───── Extracted records
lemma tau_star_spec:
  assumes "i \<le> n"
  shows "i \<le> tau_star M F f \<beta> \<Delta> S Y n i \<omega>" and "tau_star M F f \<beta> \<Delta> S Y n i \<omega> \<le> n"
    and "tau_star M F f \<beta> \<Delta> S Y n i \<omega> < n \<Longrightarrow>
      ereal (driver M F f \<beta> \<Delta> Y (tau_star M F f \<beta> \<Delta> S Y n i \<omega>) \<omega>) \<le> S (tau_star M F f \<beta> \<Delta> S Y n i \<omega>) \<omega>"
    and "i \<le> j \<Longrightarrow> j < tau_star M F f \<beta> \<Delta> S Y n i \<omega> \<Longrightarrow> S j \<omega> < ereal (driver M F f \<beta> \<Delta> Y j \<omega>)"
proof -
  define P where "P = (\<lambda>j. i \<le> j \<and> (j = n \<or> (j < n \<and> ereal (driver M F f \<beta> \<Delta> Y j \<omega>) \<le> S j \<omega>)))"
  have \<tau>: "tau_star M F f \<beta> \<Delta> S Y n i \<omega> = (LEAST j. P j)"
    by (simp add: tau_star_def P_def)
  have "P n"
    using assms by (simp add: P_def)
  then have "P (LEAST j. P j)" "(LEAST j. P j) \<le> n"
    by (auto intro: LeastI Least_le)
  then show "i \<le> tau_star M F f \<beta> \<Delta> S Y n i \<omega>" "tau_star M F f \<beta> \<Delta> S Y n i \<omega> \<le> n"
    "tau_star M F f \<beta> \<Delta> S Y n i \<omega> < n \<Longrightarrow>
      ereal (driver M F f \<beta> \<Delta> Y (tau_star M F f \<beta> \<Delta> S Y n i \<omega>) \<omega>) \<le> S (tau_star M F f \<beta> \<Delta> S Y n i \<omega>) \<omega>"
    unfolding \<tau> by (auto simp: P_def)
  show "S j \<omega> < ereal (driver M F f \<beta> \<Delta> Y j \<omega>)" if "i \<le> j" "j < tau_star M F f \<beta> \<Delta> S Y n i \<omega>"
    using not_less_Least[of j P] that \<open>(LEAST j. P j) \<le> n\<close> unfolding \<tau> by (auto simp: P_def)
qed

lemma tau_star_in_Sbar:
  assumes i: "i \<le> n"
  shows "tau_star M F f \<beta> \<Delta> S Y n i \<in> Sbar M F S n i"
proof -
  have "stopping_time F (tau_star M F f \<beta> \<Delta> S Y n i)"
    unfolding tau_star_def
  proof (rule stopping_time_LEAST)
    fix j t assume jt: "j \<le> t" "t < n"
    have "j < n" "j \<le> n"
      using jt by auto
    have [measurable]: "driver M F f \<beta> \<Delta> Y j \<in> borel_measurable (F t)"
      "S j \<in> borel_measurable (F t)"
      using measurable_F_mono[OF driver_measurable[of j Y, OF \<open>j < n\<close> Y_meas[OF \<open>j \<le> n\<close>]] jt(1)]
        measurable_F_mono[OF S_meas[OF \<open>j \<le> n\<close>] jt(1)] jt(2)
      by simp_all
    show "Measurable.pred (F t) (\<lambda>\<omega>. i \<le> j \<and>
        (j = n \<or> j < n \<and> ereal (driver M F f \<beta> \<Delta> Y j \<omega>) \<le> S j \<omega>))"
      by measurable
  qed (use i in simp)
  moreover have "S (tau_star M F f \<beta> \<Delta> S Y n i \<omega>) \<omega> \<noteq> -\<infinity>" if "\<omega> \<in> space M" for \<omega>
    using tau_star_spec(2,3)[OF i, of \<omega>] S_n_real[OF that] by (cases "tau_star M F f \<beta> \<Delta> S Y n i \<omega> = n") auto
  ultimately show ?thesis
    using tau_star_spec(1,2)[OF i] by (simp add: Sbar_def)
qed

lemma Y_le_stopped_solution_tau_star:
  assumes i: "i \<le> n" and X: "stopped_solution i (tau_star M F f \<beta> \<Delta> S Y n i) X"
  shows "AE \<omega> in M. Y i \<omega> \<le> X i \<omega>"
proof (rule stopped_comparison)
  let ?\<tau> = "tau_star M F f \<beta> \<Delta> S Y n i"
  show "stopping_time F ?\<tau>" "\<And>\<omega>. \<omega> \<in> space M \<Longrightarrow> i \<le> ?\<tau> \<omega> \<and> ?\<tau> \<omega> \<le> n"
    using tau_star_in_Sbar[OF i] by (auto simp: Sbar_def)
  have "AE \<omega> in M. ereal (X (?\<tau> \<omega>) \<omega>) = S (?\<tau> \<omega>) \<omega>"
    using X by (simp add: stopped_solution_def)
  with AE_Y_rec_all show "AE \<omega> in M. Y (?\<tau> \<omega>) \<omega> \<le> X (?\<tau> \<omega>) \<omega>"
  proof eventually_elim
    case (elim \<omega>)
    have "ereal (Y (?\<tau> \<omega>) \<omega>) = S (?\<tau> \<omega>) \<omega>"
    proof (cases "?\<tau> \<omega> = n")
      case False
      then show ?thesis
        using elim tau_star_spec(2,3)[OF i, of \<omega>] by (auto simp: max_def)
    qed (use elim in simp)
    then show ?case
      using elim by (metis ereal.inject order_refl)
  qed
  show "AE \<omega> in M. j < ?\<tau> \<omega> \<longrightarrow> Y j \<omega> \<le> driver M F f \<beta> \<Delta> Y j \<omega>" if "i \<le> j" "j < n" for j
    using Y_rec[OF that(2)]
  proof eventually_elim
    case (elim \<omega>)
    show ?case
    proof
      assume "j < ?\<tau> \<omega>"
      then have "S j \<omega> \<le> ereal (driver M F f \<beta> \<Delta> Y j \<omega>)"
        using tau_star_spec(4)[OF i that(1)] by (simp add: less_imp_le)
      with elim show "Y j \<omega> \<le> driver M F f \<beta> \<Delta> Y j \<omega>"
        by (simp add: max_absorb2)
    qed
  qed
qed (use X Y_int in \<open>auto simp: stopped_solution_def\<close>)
──────────
Task item = Note each line of the entries that has "unfolding" in it, and copy those lines.

Task solution =
    unfolding \<tau> by (auto simp: P_def)
    using not_less_Least[of j P] that \<open>(LEAST j. P j) \<le> n\<close> unfolding \<tau> by (auto simp: P_def)
    unfolding tau_star_def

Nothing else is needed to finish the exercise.